=== Begin Enclosure ===
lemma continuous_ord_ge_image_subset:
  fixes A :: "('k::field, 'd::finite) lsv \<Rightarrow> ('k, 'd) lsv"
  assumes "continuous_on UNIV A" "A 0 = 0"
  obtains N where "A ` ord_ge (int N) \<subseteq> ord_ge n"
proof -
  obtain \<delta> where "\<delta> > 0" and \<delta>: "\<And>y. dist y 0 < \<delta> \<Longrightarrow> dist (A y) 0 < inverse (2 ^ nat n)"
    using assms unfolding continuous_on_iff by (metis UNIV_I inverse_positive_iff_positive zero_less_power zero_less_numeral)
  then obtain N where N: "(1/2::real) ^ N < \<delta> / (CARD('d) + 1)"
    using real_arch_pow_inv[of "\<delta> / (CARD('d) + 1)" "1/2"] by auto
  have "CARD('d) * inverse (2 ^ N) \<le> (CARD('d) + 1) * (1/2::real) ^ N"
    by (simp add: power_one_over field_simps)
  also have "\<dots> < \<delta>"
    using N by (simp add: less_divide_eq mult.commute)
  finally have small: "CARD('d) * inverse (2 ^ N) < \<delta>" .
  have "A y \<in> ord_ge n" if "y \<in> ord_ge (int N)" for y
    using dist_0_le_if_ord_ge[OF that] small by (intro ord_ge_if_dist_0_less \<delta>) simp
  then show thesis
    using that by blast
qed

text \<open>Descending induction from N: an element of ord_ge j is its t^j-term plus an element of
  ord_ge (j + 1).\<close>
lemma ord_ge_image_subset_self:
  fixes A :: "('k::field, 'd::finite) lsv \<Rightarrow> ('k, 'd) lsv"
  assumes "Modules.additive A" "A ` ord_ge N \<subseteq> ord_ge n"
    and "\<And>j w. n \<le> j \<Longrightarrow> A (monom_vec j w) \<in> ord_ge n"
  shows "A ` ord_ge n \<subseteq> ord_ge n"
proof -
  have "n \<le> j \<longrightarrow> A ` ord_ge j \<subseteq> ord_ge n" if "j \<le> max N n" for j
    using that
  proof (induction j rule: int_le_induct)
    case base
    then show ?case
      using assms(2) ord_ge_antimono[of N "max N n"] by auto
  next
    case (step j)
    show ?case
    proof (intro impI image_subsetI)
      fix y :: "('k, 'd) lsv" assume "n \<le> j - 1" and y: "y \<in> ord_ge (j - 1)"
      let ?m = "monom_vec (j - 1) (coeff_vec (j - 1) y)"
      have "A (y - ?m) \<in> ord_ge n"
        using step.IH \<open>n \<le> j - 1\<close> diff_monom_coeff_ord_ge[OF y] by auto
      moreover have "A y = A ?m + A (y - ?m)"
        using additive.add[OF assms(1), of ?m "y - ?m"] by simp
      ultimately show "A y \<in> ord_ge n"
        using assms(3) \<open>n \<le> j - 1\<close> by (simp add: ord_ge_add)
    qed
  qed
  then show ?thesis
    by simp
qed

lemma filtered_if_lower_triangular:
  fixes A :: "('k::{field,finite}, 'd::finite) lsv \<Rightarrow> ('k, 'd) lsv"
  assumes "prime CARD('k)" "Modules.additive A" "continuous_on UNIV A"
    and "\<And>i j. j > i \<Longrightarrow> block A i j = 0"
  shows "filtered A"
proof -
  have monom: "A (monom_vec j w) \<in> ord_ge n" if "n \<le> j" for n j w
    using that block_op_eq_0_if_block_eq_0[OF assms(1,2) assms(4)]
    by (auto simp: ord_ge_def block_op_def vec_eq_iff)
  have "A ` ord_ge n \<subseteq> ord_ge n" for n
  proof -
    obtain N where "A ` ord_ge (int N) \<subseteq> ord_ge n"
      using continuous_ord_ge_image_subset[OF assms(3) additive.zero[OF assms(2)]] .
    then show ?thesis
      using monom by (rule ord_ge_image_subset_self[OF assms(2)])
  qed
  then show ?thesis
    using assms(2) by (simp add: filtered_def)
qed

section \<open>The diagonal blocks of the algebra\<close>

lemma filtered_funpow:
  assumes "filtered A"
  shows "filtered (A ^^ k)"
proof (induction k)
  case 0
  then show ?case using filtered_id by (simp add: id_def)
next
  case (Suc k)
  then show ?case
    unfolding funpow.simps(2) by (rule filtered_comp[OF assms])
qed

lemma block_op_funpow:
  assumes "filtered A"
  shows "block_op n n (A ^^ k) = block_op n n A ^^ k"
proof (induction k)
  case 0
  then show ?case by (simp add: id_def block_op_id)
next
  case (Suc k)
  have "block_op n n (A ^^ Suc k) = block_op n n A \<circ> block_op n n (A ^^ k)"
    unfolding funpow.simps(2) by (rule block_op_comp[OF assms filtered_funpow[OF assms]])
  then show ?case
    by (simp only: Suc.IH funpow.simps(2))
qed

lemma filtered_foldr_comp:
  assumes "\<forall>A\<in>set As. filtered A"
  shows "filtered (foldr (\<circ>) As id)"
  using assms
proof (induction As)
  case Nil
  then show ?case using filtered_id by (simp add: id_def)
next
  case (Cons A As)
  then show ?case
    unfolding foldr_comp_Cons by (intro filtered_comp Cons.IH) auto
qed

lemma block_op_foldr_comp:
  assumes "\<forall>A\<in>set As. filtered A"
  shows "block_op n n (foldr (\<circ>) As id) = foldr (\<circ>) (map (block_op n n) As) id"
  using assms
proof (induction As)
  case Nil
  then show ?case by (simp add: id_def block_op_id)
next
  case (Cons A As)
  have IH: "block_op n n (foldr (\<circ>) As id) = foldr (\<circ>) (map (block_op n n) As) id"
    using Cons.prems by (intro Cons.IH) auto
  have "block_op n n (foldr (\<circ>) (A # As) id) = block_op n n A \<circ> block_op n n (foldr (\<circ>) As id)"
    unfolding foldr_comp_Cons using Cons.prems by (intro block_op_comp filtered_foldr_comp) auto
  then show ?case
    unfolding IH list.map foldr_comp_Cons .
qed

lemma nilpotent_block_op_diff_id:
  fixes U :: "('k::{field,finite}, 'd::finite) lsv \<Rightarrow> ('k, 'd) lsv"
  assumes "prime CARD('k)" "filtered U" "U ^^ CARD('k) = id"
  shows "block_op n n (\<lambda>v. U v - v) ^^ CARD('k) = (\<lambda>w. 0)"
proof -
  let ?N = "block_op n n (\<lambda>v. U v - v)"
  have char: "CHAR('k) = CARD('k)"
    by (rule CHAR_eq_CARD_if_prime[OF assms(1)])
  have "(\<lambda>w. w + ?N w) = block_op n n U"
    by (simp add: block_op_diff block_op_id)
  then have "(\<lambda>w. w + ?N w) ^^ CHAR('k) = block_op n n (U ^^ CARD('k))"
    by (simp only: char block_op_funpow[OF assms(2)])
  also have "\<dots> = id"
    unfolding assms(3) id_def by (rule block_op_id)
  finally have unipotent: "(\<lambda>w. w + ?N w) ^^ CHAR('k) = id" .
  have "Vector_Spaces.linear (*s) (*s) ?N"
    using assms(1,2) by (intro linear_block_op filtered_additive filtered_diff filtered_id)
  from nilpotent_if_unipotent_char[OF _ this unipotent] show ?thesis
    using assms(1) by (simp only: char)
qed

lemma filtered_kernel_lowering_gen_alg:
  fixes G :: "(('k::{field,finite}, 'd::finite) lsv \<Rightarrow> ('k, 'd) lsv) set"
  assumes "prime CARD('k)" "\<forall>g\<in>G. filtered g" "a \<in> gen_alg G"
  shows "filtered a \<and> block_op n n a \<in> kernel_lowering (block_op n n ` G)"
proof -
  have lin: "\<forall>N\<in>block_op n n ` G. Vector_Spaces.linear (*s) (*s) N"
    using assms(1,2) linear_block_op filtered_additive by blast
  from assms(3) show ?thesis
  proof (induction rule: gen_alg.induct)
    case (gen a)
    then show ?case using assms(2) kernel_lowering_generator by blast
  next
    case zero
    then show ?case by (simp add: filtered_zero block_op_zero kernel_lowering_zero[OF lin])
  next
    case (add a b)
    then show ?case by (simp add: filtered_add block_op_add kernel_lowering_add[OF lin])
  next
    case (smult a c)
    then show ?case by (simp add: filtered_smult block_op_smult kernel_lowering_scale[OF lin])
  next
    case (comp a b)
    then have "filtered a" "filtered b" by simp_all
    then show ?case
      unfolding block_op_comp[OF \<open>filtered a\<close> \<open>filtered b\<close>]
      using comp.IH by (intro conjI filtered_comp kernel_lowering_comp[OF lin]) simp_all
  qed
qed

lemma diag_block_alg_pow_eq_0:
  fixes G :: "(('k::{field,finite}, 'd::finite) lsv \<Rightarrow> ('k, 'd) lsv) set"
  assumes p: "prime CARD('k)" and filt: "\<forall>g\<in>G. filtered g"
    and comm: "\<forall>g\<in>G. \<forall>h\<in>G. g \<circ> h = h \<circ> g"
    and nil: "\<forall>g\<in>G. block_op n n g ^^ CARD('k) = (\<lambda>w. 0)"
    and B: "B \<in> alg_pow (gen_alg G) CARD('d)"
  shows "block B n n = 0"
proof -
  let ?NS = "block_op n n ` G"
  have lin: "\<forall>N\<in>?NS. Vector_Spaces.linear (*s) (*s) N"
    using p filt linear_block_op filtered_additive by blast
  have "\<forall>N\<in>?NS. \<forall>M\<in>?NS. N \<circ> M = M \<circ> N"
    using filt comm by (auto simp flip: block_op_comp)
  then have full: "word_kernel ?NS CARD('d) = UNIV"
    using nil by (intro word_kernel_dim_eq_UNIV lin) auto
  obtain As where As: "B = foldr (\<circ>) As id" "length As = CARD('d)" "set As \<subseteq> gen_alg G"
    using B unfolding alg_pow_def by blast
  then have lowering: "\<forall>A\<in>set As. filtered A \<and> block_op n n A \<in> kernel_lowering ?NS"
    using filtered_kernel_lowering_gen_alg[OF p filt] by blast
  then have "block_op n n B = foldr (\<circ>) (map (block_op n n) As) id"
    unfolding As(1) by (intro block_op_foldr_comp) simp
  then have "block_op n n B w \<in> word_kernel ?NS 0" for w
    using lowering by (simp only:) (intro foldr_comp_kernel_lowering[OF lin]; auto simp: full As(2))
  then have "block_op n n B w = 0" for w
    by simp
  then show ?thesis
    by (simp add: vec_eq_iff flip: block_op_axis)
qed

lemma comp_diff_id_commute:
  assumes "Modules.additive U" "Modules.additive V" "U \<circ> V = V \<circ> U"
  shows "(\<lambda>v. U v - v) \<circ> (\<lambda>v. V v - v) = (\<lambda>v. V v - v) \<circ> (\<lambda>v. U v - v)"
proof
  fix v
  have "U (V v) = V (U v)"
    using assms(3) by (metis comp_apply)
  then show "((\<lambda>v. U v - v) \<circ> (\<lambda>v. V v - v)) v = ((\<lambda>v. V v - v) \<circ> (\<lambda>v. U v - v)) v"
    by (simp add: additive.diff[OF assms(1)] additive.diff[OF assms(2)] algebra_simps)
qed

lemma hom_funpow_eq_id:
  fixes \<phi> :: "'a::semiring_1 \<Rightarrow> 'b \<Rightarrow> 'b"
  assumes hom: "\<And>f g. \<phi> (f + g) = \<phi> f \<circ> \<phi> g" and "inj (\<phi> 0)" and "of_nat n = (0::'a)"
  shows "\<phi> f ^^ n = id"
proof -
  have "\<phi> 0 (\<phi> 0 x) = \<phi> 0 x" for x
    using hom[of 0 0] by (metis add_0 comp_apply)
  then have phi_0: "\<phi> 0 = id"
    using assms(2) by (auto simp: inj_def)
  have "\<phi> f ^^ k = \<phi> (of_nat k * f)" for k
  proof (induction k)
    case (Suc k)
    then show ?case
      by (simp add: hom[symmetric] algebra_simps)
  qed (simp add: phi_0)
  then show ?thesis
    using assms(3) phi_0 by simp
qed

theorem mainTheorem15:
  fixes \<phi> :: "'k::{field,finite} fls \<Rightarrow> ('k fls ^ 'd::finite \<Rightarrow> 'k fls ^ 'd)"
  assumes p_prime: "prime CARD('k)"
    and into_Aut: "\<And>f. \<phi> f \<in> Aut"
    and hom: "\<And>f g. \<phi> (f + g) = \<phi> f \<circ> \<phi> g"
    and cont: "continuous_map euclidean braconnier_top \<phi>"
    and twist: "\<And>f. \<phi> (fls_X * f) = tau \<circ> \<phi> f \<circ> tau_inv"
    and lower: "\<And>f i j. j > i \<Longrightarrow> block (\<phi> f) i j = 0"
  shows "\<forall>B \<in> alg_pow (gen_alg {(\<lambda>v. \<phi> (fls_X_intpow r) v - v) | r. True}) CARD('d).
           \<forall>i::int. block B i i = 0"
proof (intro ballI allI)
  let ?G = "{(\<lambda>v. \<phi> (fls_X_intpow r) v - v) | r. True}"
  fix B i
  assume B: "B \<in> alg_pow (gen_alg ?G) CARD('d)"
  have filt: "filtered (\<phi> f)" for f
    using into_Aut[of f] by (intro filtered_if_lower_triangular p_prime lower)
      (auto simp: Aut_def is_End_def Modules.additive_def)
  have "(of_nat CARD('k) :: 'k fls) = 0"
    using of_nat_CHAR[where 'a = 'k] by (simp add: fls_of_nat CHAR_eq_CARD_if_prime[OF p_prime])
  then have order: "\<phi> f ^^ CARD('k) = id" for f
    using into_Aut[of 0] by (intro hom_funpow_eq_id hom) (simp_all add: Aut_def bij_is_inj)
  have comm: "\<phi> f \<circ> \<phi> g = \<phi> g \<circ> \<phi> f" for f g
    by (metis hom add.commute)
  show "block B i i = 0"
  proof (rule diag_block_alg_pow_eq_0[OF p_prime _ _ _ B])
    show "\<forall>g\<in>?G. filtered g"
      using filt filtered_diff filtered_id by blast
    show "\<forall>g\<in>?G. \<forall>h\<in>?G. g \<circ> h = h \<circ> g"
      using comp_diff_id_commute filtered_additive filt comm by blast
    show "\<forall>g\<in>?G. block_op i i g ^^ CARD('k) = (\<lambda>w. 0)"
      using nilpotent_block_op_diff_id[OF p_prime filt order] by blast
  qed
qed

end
=== End Enclosure ===
*Work item:* In the entries above, the lines from the one bearing "then show ?case by (simp add: filtered_zero" up to and including the one bearing "case (smult a c)" should be transcribed exactly; no other line is wanted.

*Solved problem:*
    then show ?case by (simp add: filtered_zero block_op_zero kernel_lowering_zero[OF lin])
  next
    case (add a b)
    then show ?case by (simp add: filtered_add block_op_add kernel_lowering_add[OF lin])
  next
    case (smult a c)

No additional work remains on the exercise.